lemma complete_hom_q_Cons:
  "complete_hom_q (b # a) n = (\<Sum>j\<le>n. qvar ^ (b * j) * complete_hom_q a (n - j))"
proof -
  let ?split = "\<lambda>(j, m). j # m"
  let ?T = "SIGMA j:{..n}. {m. length m = length a \<and> sum_list m = n - j}"
  have split_bij: "bij_betw ?split ?T {m. length m = length (b # a) \<and> sum_list m = n}"
    by (rule bij_betw_byWitness [where f' = "\<lambda>m. (hd m, tl m)"]) (auto simp: length_Suc_conv)
  have weight: "(\<Sum>i<Suc (length a). (b # a) ! i * (j # m) ! i) = b * j + (\<Sum>i<length a. a ! i * m ! i)"
    for j m
    unfolding sum.lessThan_Suc_shift by simp
  have "complete_hom_q (b # a) n = (\<Sum>(j, m)\<in>?T. qvar ^ (b * j) * qvar ^ (\<Sum>i<length a. a ! i * m ! i))"
    unfolding complete_hom_q_def sum.reindex_bij_betw [OF split_bij, symmetric]
    by (intro sum.cong refl) (auto simp: weight power_add simp del: sum.lessThan_Suc)
  also have "\<dots> = (\<Sum>j\<le>n. qvar ^ (b * j) * complete_hom_q a (n - j))"
    unfolding complete_hom_q_def sum_distrib_left
    by (rule sum.Sigma [symmetric]) (auto simp: finite_weak_compositions)
  finally show ?thesis .
qed

lemma complete_hom_q_eq_divided_diff:
  assumes "distinct a" and "a \<noteq> []"
  shows "complete_hom_q a n = divided_diff (\<lambda>e. qvar ^ e) (set a) (\<lambda>e. (qvar ^ e) ^ (n + length a - 1))"
  using assms
proof (induction a arbitrary: n)
  case Nil
  then show ?case by simp
next
  case (Cons b a)
  show ?case
  proof (cases "a = []")
    case True
    then show ?thesis by (simp add: complete_hom_q_single power_mult)
  next
    case False
    then obtain k where k: "length a = Suc k" by (cases a) auto
    have "set (b # a) - {b} = set a" using Cons.prems by auto
    moreover have "card (set a) = Suc k" using Cons.prems k by (simp add: distinct_card)
    ultimately have "divided_diff (\<lambda>e. qvar ^ e) (set (b # a)) (\<lambda>e. (qvar ^ e) ^ (n + Suc k))
        = (\<Sum>j\<le>n. (qvar ^ b) ^ j * divided_diff (\<lambda>e. qvar ^ e) (set a) (\<lambda>e. (qvar ^ e) ^ (n - j + k)))"
      using divided_diff_power_remove_node [OF _ inj_on_qvar_power, of "set (b # a)" b k n] by simp
    also have "\<dots> = (\<Sum>j\<le>n. qvar ^ (b * j) * complete_hom_q a (n - j))"
      using Cons.IH Cons.prems False k by (simp add: power_mult)
    also have "\<dots> = complete_hom_q (b # a) n"
      by (rule complete_hom_q_Cons [symmetric])
    finally show ?thesis using k by simp
  qed
qed
lemma disjoint_pairs_beside_edge:
  assumes I: "self_matched p q" and long: "p + 5 \<le> q"
    and uv: "matched u v" "u \<notin> {p..q}"
    and shape_block: "block (2*k) q = {{q, p}, {u, v}}"
    and shape_left: "antiblock (2*k) u = {{u, v}, {p, p + 1}}"
    and shape_right: "antiblock (2*k) (q - 1) = {{q - 1, q}, {u, v}}"
  shows "\<exists>S T. separated_pair k M S \<and> separated_pair k M T \<and> S \<inter> T = {}"
proof -
  have "q < 2*k" "u < 2*k" using I matched_less[OF uv(1)] unfolding self_matched_def by auto
  have uvM: "{u, v} \<in> M" using uv(1) unfolding matched_def .
  obtain c where c: "matched p c" "p \<le> c" "c \<le> q" "c \<noteq> p"
    using self_matched_partner[OF I, of p] long by auto
  then have "p < c" by simp
  with c have "odd (c - p)" using matched_odd_distance by blast
  with c have "c = q \<or> c = p + 1 \<or> (p + 3 \<le> c \<and> c < q)" by presburger
  then consider "c = q" | "c = p + 1" | "p + 3 \<le> c" "c < q" by blast
  then show ?thesis
  proof cases
    case 1
    let ?S = "block (2*k) q"
    have "?S \<subseteq> M" unfolding shape_block using c(1) 1 uvM by (simp add: matched_def insert_commute)
    then have S: "separated_pair k M ?S" using separated_pairI \<open>q < 2*k\<close> by blast
    have "self_matched (p + 1) (q - 1)" using self_matched_inside[OF c(1) \<open>p < c\<close>] 1 by simp
    then obtain T where T: "pair_within (p + 1) (q - 1) T" using self_matched_has_pair long by fastforce
    have "u \<notin> {p + 1..q - 1}" using uv(2) by auto
    then have "{q, p} \<notin> T" "{u, v} \<notin> T"
      using pair_within_avoids[OF T, of p] pair_within_avoids[OF T, of u] by auto
    then have "?S \<inter> T = {}" unfolding shape_block by blast
    with S T show ?thesis unfolding pair_within_def by blast
  next
    case 2
    let ?S = "antiblock (2*k) u"
    have "?S \<subseteq> M" unfolding shape_left using c(1) 2 uvM by (simp add: matched_def)
    then have S: "separated_pair k M ?S" using separated_pairI \<open>u < 2*k\<close> by blast
    have "self_matched (p + 2) q" using self_matched_after[OF I c(1) \<open>p < c\<close>] 2 by simp
    then obtain T where T: "pair_within (p + 2) q T" using self_matched_has_pair long by fastforce
    have "u \<notin> {p + 2..q}" using uv(2) by auto
    then have "{p, p + 1} \<notin> T" "{u, v} \<notin> T"
      using pair_within_avoids[OF T, of p] pair_within_avoids[OF T, of u] by auto
    then have "?S \<inter> T = {}" unfolding shape_left by blast
    with S T show ?thesis unfolding pair_within_def by blast
  next
    case 3
    obtain S where S: "pair_within p c S"
      using self_matched_has_pair[OF self_matched_edge[OF c(1) \<open>p < c\<close>]] 3 by blast
    have R: "self_matched (c + 1) q" using self_matched_after[OF I c(1) \<open>p < c\<close>] .
    then have "odd (q - (c + 1))" using self_matched_odd_length 3 by simp
    then have "c + 4 \<le> q \<or> q = c + 2" using 3 by presburger
    then show ?thesis
    proof
      assume "c + 4 \<le> q"
      then obtain T where T: "pair_within (c + 1) q T" using self_matched_has_pair[OF R] by fastforce
      have "S \<inter> T = {}" using pair_within_disjoint[OF S T] by simp
      with S T show ?thesis unfolding pair_within_def by blast
    next
      assume "q = c + 2"
      obtain y where y: "matched (q - 1) y" "c + 1 \<le> y" "y \<le> q" "y \<noteq> q - 1"
        using self_matched_partner[OF R, of "q - 1"] \<open>q = c + 2\<close> by auto
      then have "y = q" using \<open>q = c + 2\<close> by linarith
      let ?T = "antiblock (2*k) (q - 1)"
      have "?T \<subseteq> M" unfolding shape_right using y(1) \<open>y = q\<close> uvM by (simp add: matched_def)
      moreover have "q - 1 < 2*k" using \<open>q < 2*k\<close> by simp
      ultimately have T: "separated_pair k M ?T" using separated_pairI by blast
      have "u \<notin> {p..c}" "q - 1 \<notin> {p..c}" using uv(2) 3 \<open>q = c + 2\<close> by auto
      then have "{q - 1, q} \<notin> S" "{u, v} \<notin> S"
        using pair_within_avoids[OF S, of "q - 1"] pair_within_avoids[OF S, of u] by auto
      then have "S \<inter> ?T = {}" unfolding shape_right by blast
      with S T show ?thesis unfolding pair_within_def by blast
    qed
  qed
qed

lemma arc_complement_matched:
  assumes I: "self_matched p q" and arc: "q + 3 = p + 2*k"
  shows "matched ((q + 1) mod (2*k)) ((q + 2) mod (2*k))"
    and "(q + 1) mod (2*k) \<notin> {p..q}"
proof -
  define n where "n = 2*k"
  define u v where "u = (q + 1) mod n" and "v = (q + 2) mod n"
  have "q < n" using I unfolding self_matched_def n_def by simp
  have outside: "x = u \<or> x = v" if "x < n" "x \<notin> {p..q}" for x
  proof (cases "q < x")
    case True
    then have "x = q + 1 \<or> x = q + 2" using that(1) arc n_def by linarith
    then show ?thesis using that(1) unfolding u_def v_def by auto
  next
    case False
    then have "x + n = q + 1 \<or> x + n = q + 2" using that \<open>q < n\<close> arc n_def by auto
    then show ?thesis using that(1) unfolding u_def v_def by (metis mod_add_self2 mod_less)
  qed
  show "u \<notin> {p..q}"
    using \<open>q < n\<close> arc mod_less_double[of "q + 1" n] unfolding u_def n_def by auto
  moreover have "u < n" using \<open>q < n\<close> unfolding u_def by simp
  moreover obtain y where y: "matched u y" using matched_exists \<open>u < n\<close> n_def by blast
  moreover have "y \<notin> {p..q}"
    using self_matchedD[OF I, of y u] matched_sym[OF y] \<open>u \<notin> {p..q}\<close> by auto
  ultimately show "matched u v" using outside[of y] matched_less[OF y] n_def by auto
qed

Task requirements
When a line in the records above contains the word "rule", copy it.

Response for this exercise
    by (rule bij_betw_byWitness [where f' = "\<lambda>m. (hd m, tl m)"]) (auto simp: length_Suc_conv)
    by (rule sum.Sigma [symmetric]) (auto simp: finite_weak_compositions)
      by (rule complete_hom_q_Cons [symmetric])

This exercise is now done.